Classes outside of one's major are taken only at the undergraduate level, and generally only during the first two years. You could conceivably get these satisfied at Podunk Community College or Pensacola Bible Institute.

An IQ of 90 should be more than adequate.

srimust2

See this

http://www.chess.com/article/view/the-cognitive-psychology-of-chess?page=2s

Ziryab

It's not clear from the article whether it is Gobet or is billwall who fails to understand the concept of deliberate practice. Perhaps both do.

"deliberate practice is a highly structured activity, the explicit goal of which is to improve performance. Specific tasks are invented to overcome weakness, and performance is carefully monitored to provide cues for ways to improve it further" (page 368).

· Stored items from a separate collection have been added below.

(* Let $R$ be a ring with identity and involution $*$, and let $a,b\in R$ with $a$ group invertible. The following are equivalent: (1) $a$ is core invertible with core inverse $b$; (2) $aba=a$, $ab^2=b$, $(ab)^*=ab$; (3) $bab=b$, $ba^2=a$, $(ab)^*=ab$.
   Context: An involution on $R$ satisfies $(a^* )^*=a$, $(ab)^*=b^*a^*$, $(a+b)^*=a^*+b^*$. An element $x\in R$ is a core inverse of $a$ if $axa=a$, $xR=aR$ and $Rx=Ra^*$; it is unique when it exists. $a$ is group invertible if there is $c\in R$ with $aca=a$, $cac=c$, $ac=ca$. *)

theory Defs
  imports Main
begin

definition involution :: "('a::ring_1 \<Rightarrow> 'a) \<Rightarrow> bool" where
  "involution s \<longleftrightarrow> (\<forall>a. s (s a) = a) \<and> (\<forall>a b. s (a * b) = s b * s a)
     \<and> (\<forall>a b. s (a + b) = s a + s b)"

definition rprinc :: "'a::ring_1 \<Rightarrow> 'a set" where
  "rprinc x = {x * r | r. True}"

definition lprinc :: "'a::ring_1 \<Rightarrow> 'a set" where
  "lprinc x = {r * x | r. True}"

definition is_core_inverse :: "('a::ring_1 \<Rightarrow> 'a) \<Rightarrow> 'a \<Rightarrow> 'a \<Rightarrow> bool" where
  "is_core_inverse s a x \<longleftrightarrow> a * x * a = a \<and> rprinc x = rprinc a \<and> lprinc x = lprinc (s a)"

definition group_invertible :: "'a::ring_1 \<Rightarrow> bool" where
  "group_invertible a \<longleftrightarrow> (\<exists>c. a * c * a = a \<and> c * a * c = c \<and> a * c = c * a)"

end

theory Submission
  imports Defs
begin

text \<open>Group invertibility enters only through \<open>a \<in> Ra\<^sup>2\<close> and \<open>a \<in> a\<^sup>2R\<close>, which let one
  pass between the right-sided identities \<open>aba = a, ab\<^sup>2 = b\<close> and the left-sided ones
  \<open>bab = b, ba\<^sup>2 = a\<close>. Given both, \<open>b = a b\<^sup>2\<close> and \<open>a = b a\<^sup>2\<close> show \<open>bR = aR\<close>, and
  hermitian \<open>ab\<close> gives \<open>b = b (ab)\<^sup>* = b b\<^sup>* a\<^sup>*\<close> and \<open>a\<^sup>* = (aba)\<^sup>* = a\<^sup>* a b\<close>, i.e.
  \<open>Rb = Ra\<^sup>*\<close>. Conversely, writing \<open>b = t a\<^sup>*\<close> yields \<open>b = b (ab)\<^sup>*\<close>, so
  \<open>ab = ab (ab)\<^sup>*\<close> is hermitian.\<close>

lemma rprinc_eq_iff:
  "rprinc x = rprinc y \<longleftrightarrow> (\<exists>u. x = y * u) \<and> (\<exists>v. y = x * v)"
proof
  assume eq: "rprinc x = rprinc y"
  have "x \<in> rprinc y" "y \<in> rprinc x"
    using eq unfolding rprinc_def by (metis (mono_tags) mem_Collect_eq mult_1_right)+
  then show "(\<exists>u. x = y * u) \<and> (\<exists>v. y = x * v)"
    unfolding rprinc_def by auto
next
  assume "(\<exists>u. x = y * u) \<and> (\<exists>v. y = x * v)"
  then show "rprinc x = rprinc y"
    unfolding rprinc_def by (auto simp: mult.assoc[symmetric]) (metis mult.assoc)+
qed

lemma lprinc_eq_iff:
  "lprinc x = lprinc y \<longleftrightarrow> (\<exists>u. x = u * y) \<and> (\<exists>v. y = v * x)"
proof
  assume eq: "lprinc x = lprinc y"
  have "x \<in> lprinc y" "y \<in> lprinc x"
    using eq unfolding lprinc_def by (metis (mono_tags) mem_Collect_eq mult_1_left)+
  then show "(\<exists>u. x = u * y) \<and> (\<exists>v. y = v * x)"
    unfolding lprinc_def by auto
next
  assume "(\<exists>u. x = u * y) \<and> (\<exists>v. y = v * x)"
  then show "lprinc x = lprinc y"
    unfolding lprinc_def by (auto simp: mult.assoc) (metis mult.assoc)+
qed

lemma involution_involutive: "involution s \<Longrightarrow> s (s x) = x"
  unfolding involution_def by blast

lemma involution_mult: "involution s \<Longrightarrow> s (x * y) = s y * s x"
  unfolding involution_def by blast

lemma group_invertible_square_factors:
  assumes "group_invertible a"
  obtains c where "c * a * a = a" and "a * a * c = a"
proof -
  obtain c where "a * c * a = a" and "a * c = c * a"
    using assms unfolding group_invertible_def by blast
  then have "c * a * a = a" and "a * a * c = a"
    by (metis mult.assoc)+
  then show thesis by (rule that)
qed

lemma aba_abb_imp_bab_baa:
  fixes a b c :: "'a::monoid_mult"
  assumes caa: "c * a * a = a" and aba: "a * b * a = a" and abb: "a * b ^ 2 = b"
  shows "b * a * b = b" and "b * a ^ 2 = a"
proof -
  have b: "b = c * a * b"
    using caa abb by (metis mult.assoc power2_eq_square)
  show "b * a * b = b"
    using b aba by (metis mult.assoc)
  show "b * a ^ 2 = a"
    using b aba caa by (metis mult.assoc power2_eq_square)
qed

lemma bab_baa_imp_aba_abb:
  fixes a b c :: "'a::monoid_mult"
  assumes aac: "a * a * c = a" and bab: "b * a * b = b" and baa: "b * a ^ 2 = a"
  shows "a * b * a = a" and "a * b ^ 2 = b"
proof -
  have ba: "b * a = a * c"
    using aac baa by (metis mult.assoc power2_eq_square)
  show aba: "a * b * a = a"
    using ba aac by (metis mult.assoc)
  have b: "b = a * c * b"
    using bab ba by simp
  show "a * b ^ 2 = b"
    using b aba by (metis mult.assoc power2_eq_square)
qed

lemma is_core_inverse_imp_equations:
  assumes s: "involution s" and core: "is_core_inverse s a b"
  shows "a * b * a = a" and "a * b ^ 2 = b" and "s (a * b) = a * b"
proof -
  show aba: "a * b * a = a"
    using core unfolding is_core_inverse_def by blast
  obtain r where r: "b = a * r"
    using core unfolding is_core_inverse_def rprinc_eq_iff by blast
  obtain t where t: "b = t * s a"
    using core unfolding is_core_inverse_def lprinc_eq_iff by blast
  have "s a = s a * s b * s a"
    using aba involution_mult[OF s] by (metis mult.assoc)
  then have b: "b = b * s (a * b)"
    using t involution_mult[OF s] by (metis mult.assoc)
  then have ab: "a * b = a * b * s (a * b)"
    by (metis mult.assoc)
  have "s (a * b) = s (a * b * s (a * b))"
    using ab by simp
  also have "\<dots> = a * b * s (a * b)"
    using involution_mult[OF s] involution_involutive[OF s] by (simp add: mult.assoc)
  finally show "s (a * b) = a * b"
    using ab by simp
  show "a * b ^ 2 = b"
    using aba r by (metis mult.assoc power2_eq_square)
qed

lemma equations_imp_is_core_inverse:
  assumes s: "involution s"
    and aba: "a * b * a = a" and abb: "a * b ^ 2 = b"
    and bab: "b * a * b = b" and baa: "b * a ^ 2 = a"
    and herm: "s (a * b) = a * b"
  shows "is_core_inverse s a b"
proof -
  have "rprinc b = rprinc a"
    unfolding rprinc_eq_iff using abb baa by (metis mult.assoc power2_eq_square)
  moreover have "lprinc b = lprinc (s a)"
  proof -
    have "b = b * s b * s a"
      using bab herm involution_mult[OF s] by (metis mult.assoc)
    moreover have "s a = s a * a * b"
      using aba herm involution_mult[OF s] by (metis mult.assoc)
    ultimately show ?thesis
      unfolding lprinc_eq_iff by blast
  qed
  ultimately show ?thesis
    using aba unfolding is_core_inverse_def by blast
qed

theorem corollary3p7:
  fixes s :: "'a::ring_1 \<Rightarrow> 'a" and a b :: 'a
  assumes "involution s"
    and "group_invertible a"
  shows "(is_core_inverse s a b
          \<longleftrightarrow> (a * b * a = a \<and> a * b ^ 2 = b \<and> s (a * b) = a * b))
       \<and> ((a * b * a = a \<and> a * b ^ 2 = b \<and> s (a * b) = a * b)
          \<longleftrightarrow> (b * a * b = b \<and> b * a ^ 2 = a \<and> s (a * b) = a * b))"
proof -
  obtain c where caa: "c * a * a = a" and aac: "a * a * c = a"
    using assms(2) by (rule group_invertible_square_factors)
  have right_iff_left:
    "a * b * a = a \<and> a * b ^ 2 = b \<longleftrightarrow> b * a * b = b \<and> b * a ^ 2 = a"
    using aba_abb_imp_bab_baa[OF caa] bab_baa_imp_aba_abb[OF aac] by blast
  then show ?thesis
    using is_core_inverse_imp_equations[OF assms(1)]
      equations_imp_is_core_inverse[OF assms(1)] by blast
qed

end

http://projects.ict.usc.edu/itw/gel/EricssonDeliberatePracticePR93.pdf 

samky01

It discredits itself by not defining how good 10,000 hours will make you, and wasn't rigorously tested across even a few disciplines (IIRC).  It even seems to be written in a "take this with a grain of salt" tone.  When the claim boils down to "lots of practice will make you better" there's no need for anyone to debunk anything.

samky01
pt22064 wrote:

I think most people misunderstand or at least misstate Gladwell's "rule."  He indicated that the minimum amount of time for anyone to become a true expert in any subject is 10,000 hours of serious study.  This does not mean, as some people assume/assert, that studying a topic for 10,000 hours will definitely make you an expert.  You need some innate talent/intelligence as well.  The main point is that notwithstanding all the stories of natural prodigies, even the most gifted have to spend the time to practice their craft.

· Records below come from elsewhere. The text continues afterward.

lemma sum_pow_residues_cong_0:
  assumes p: "prime p" and j: "\<not> (p - 1) dvd j"
  shows "[(\<Sum>x\<in>{1..<int p}. x ^ j) = 0] (mod int p)"
proof -
  obtain g where g: "residue_primroot p g"
    using prime_primitive_root_exists p prime_gt_1_nat by blast
  then have "coprime (int g) (int p)" and ord: "ord p g = p - 1"
    using p by (auto simp: residue_primroot_def totient_prime coprime_commute)
  define S where "S = (\<Sum>x\<in>{1..<int p}. x ^ j)"
  have "S = (\<Sum>m\<in>{1..<int p}. (int g * m mod int p) ^ j)"
    unfolding S_def
    using sum.reindex_bij_betw[OF bij_betw_int_remainders_mult[OF \<open>coprime _ _\<close>], of "\<lambda>x. x ^ j"]
    by simp
  also have "[\<dots> = (\<Sum>m\<in>{1..<int p}. (int g * m) ^ j)] (mod int p)"
    by (intro cong_sum cong_pow) (simp add: cong_def)
  also have "(\<Sum>m\<in>{1..<int p}. (int g * m) ^ j) = int g ^ j * S"
    unfolding S_def by (simp add: sum_distrib_left power_mult_distrib)
  finally have "[int g ^ j * S = 1 * S] (mod int p)" by (simp add: cong_sym)
  then have "int p dvd (int g ^ j - 1) * S" by (simp add: cong_iff_dvd_diff algebra_simps)
  moreover have "\<not> int p dvd int g ^ j - 1"
  proof
    assume "int p dvd int g ^ j - 1"
    then have "[int (g ^ j) = int 1] (mod int p)" by (simp add: cong_iff_dvd_diff)
    then have "[g ^ j = 1] (mod p)" using cong_int_iff by blast
    then have "ord p g dvd j" using ord_divides by blast
    with ord j show False by simp
  qed
  moreover have "prime (int p)" using p by simp
  ultimately have "int p dvd S" using prime_dvd_mult_iff by blast
  then show ?thesis unfolding S_def by (simp add: cong_0_iff)
qed

lemma sum_pow_residues_cong:
  assumes p: "prime p" and i: "i < 2 * (p - 1)"
  shows "[(\<Sum>x\<in>{0..<int p}. x ^ i) = (if i = p - 1 then -1 else 0)] (mod int p)"
proof -
  have p2: "p \<ge> 2" using prime_ge_2_nat p by blast
  have split: "{0..<int p} = insert 0 {1..<int p}" using p2 by auto
  have "i = 0 \<or> i = p - 1" if dvd: "(p - 1) dvd i"
  proof -
    obtain c where c: "i = (p - 1) * c" using dvd by blast
    with i have "c < 2" by simp
    then show ?thesis using c by (auto simp: less_2_cases_iff)
  qed
  then consider "i = 0" | "i = p - 1" | "i \<noteq> 0" "\<not> (p - 1) dvd i" by blast
  then show ?thesis
  proof cases
    case 1
    then show ?thesis using p2 by (simp add: cong_0_iff)
  next
    case 2
    have "[(\<Sum>x\<in>{1..<int p}. x ^ i) = (\<Sum>x\<in>{1..<int p}. 1)] (mod int p)"
      using fermat_theorem_int[OF p] 2 by (intro cong_sum) auto
    moreover have "[(\<Sum>x\<in>{1..<int p}. 1) = (-1 :: int)] (mod int p)"
      using p2 by (simp add: cong_iff_dvd_diff)
    ultimately have "[(\<Sum>x\<in>{1..<int p}. x ^ i) = -1] (mod int p)" by (rule cong_trans)
    then show ?thesis using 2 p2 unfolding split by (simp add: power_0_left)
  next
    case 3
    then have "i \<noteq> p - 1" by auto
    with 3 show ?thesis
      using sum_pow_residues_cong_0[OF p, of i] p2 unfolding split by (simp add: power_0_left)
  qed
qed

lemma sum_poly_residues_cong:
  fixes Q :: "int poly"
  assumes p: "prime p" and d: "degree Q < 2 * (p - 1)"
  shows "[(\<Sum>y\<in>{0..<int p}. poly Q y) = - coeff Q (p - 1)] (mod int p)"
proof -
  define N where "N = 2 * (p - 1)"
  have "p \<ge> 2" using prime_ge_2_nat p by blast
  have poly_Q: "poly Q y = (\<Sum>i<N. coeff Q i * y ^ i)" for y
    unfolding poly_altdef N_def
    by (rule sum.mono_neutral_left) (use d in \<open>auto simp: coeff_eq_0\<close>)
  have "(\<Sum>y\<in>{0..<int p}. poly Q y) = (\<Sum>i<N. coeff Q i * (\<Sum>y\<in>{0..<int p}. y ^ i))"
    unfolding poly_Q sum_distrib_left by (rule sum.swap)
  also have "[\<dots> = (\<Sum>i<N. coeff Q i * (if i = p - 1 then -1 else 0))] (mod int p)"
    using sum_pow_residues_cong[OF p] unfolding N_def by (intro cong_sum cong_mult cong_refl) auto
  also have "(\<Sum>i<N. coeff Q i * (if i = p - 1 then -1 else 0)) = - coeff Q (p - 1)"
    using \<open>p \<ge> 2\<close> unfolding N_def by (simp add: if_distrib cong: if_cong)
  finally show ?thesis .
qed
(* Let $\gamma:[0,1]\to\mathbb T^2$ be an arc-length parametrized unit length curve with curvature bounded below by a positive constant. For a positive integer $m$ let $\lambda=2\pi\sqrt m$, $\mathcal E_\lambda=\{\mu\in\mathbb Z^2:\|\mu\|^2=m\}$, $N=|\mathcal E_\lambda|$, and let $\Phi(x)=\sum_{\mu\in\mathcal E_\lambda}a_\mu e^{2\pi i\langle\mu,x\rangle}$ with $\sum_\mu|a_\mu|^2=1$. Suppose $\lambda$ satisfies $\min_{\mu_1\ne\mu_2\in\mathcal E_\lambda}\|\mu_1-\mu_2\|\gg\lambda/\log^{3/2+\varepsilon}\lambda$ for some $\varepsilon>0$, and let $I\subset[0,1]$ be an interval with $|I|>\lambda^{-1/2}(\log\lambda)^{3/4+\varepsilon}N$. Then $$\frac1{|I|}\int_I|\Phi(\gamma(t))|^2\,dt\ge\frac12.$$ *)

theory Defs
  imports "HOL-Analysis.Analysis"
begin

text \<open>Points of R^2 (lifts of points of the torus T^2 = R^2/Z^2) are pairs of reals;
  lattice points are pairs of integers.\<close>

definition lat_inner :: "int \<times> int \<Rightarrow> real \<times> real \<Rightarrow> real" where
  "lat_inner mu x = real_of_int (fst mu) * fst x + real_of_int (snd mu) * snd x"

definition lat_normsq :: "int \<times> int \<Rightarrow> int" where
  "lat_normsq mu = (fst mu)^2 + (snd mu)^2"

definition lat_dist :: "int \<times> int \<Rightarrow> int \<times> int \<Rightarrow> real" where
  "lat_dist mu nu = sqrt (real_of_int ((fst mu - fst nu)^2 + (snd mu - snd nu)^2))"

definition Elam :: "nat \<Rightarrow> (int \<times> int) set" where
  "Elam m = {mu. lat_normsq mu = int m}"

definition lam :: "nat \<Rightarrow> real" where
  "lam m = 2 * pi * sqrt (real m)"

definition Phi :: "nat \<Rightarrow> (int \<times> int \<Rightarrow> complex) \<Rightarrow> real \<times> real \<Rightarrow> complex" where
  "Phi m a x = (\<Sum>mu\<in>Elam m. a mu * exp (2 * of_real pi * \<i> * of_real (lat_inner mu x)))"

text \<open>A smooth curve on [0,1]: D 0 = gamma and each D k has derivative D (Suc k) on [0,1];
  unit speed (arc-length parametrization) and curvature |gamma''| bounded below by kappa > 0.\<close>
definition smooth_unit_speed_curved ::
    "(real \<Rightarrow> real \<times> real) \<Rightarrow> real \<Rightarrow> bool" where
  "smooth_unit_speed_curved g kappa \<longleftrightarrow>
     kappa > 0 \<and>
     (\<exists>D :: nat \<Rightarrow> real \<Rightarrow> real \<times> real.
        D 0 = g \<and>
        (\<forall>k. \<forall>t\<in>{0..1}. (D k has_vector_derivative D (Suc k) t) (at t within {0..1})) \<and>
        (\<forall>t\<in>{0..1}. norm (D 1 t) = 1) \<and>
        (\<forall>t\<in>{0..1}. norm (D 2 t) \<ge> kappa))"

end

theory Submission
  imports Defs
begin

text \<open>Expanding |Phi(gamma t)|^2 gives the diagonal sum |a_mu|^2 = 1 plus off-diagonal oscillatory
  integrals of exp(i <xi, gamma t>) over I, with xi = 2 pi (mu - nu). Because gamma' is a unit vector
  orthogonal to gamma'' and |gamma''| >= kappa, on a short arc either the first or the second
  derivative of the phase <xi, gamma> has size comparable to |xi|, so the van der Corput lemmas bound
  each such integral by C |xi|^(-1/2). With the separation hypothesis and Cauchy-Schwarz for the
  coefficients, the off-diagonal part is at most N C (lambda / log^(3/2+eps) lambda)^(-1/2), which is
  less than |I|/2 once lambda is large.\<close>

section \<open>Van der Corput estimates\<close>

lemma has_vector_derivative_exp_i_phase:
  fixes \<phi> :: "real \<Rightarrow> real"
  assumes "(\<phi> has_real_derivative f) (at x within S)"
  shows "((\<lambda>x. exp (\<i> * of_real (\<phi> x))) has_vector_derivative
           \<i> * of_real f * exp (\<i> * of_real (\<phi> x))) (at x within S)"
proof -
  have "((\<lambda>x. \<i> * of_real (\<phi> x)) has_vector_derivative \<i> * of_real f) (at x within S)"
    using has_vector_derivative_mult[OF has_vector_derivative_const has_vector_derivative_of_real[OF assms]]
    by simp
  from field_vector_diff_chain_within[OF this DERIV_exp[THEN has_field_derivative_at_within]]
  show ?thesis by (simp add: o_def)
qed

So 10,000 is neither necessary nor sufficient.  It's just that practice is guaranteed to make you better.

lol

Here's the real story:  ridiculous claims are guaranteed to sell your book.

samky01
adypady02 wrote:
I became an expert after 2 years and 7 months and practicing about 4 hours a day on average. Pretty sure that's not 10,000 hours.

How long after that to reach NM?

Elubas

"So 10,000 is neither necessary nor sufficient.  It's just that practice is guaranteed to make you better."

He's more likely to be claiming that 10,000 is necessary, but not sufficient. But of course it's hard to imagine such a specific number as 10,000 would apply everywhere. But even a Carlsen, for example... I don't see him being GM in his first 10 hours of playing, in fact he would probably be pretty bad after just 10 hours. He simply was the kind of person who could benefit from all that encoding of patterns, and for that it's hard to get around obnoxiously large amounts of study. We are not engines, of course, but just pure thought without patterns, in a game with so many possibilities, is terribly slow, even if that thought is really clever.

To believe the ideas above does not commit one to accept everyone who puts in the hours. It just means to refuse everyone who does not.

Irontiger
DrCheckevertim wrote:
Ziryab wrote:

Actually, the research shows that is takes 10,478 hours, 16 minutes, and 21 seconds. For each point over 120 a person's IQ, ten hours and seven minutes can be subtracted.

Naturally, the researchers rounded down to reach an easy to remember number since most people, especially those with advanced degrees in psychology, have IQs below 110. 

Careful, or people might begin repeating this so much that it will become a fact.

Honestly... I wouldn't be too surprised if some scientific "study" actually did claim this, or at least some pop science magazine interpreted a study this way. (...).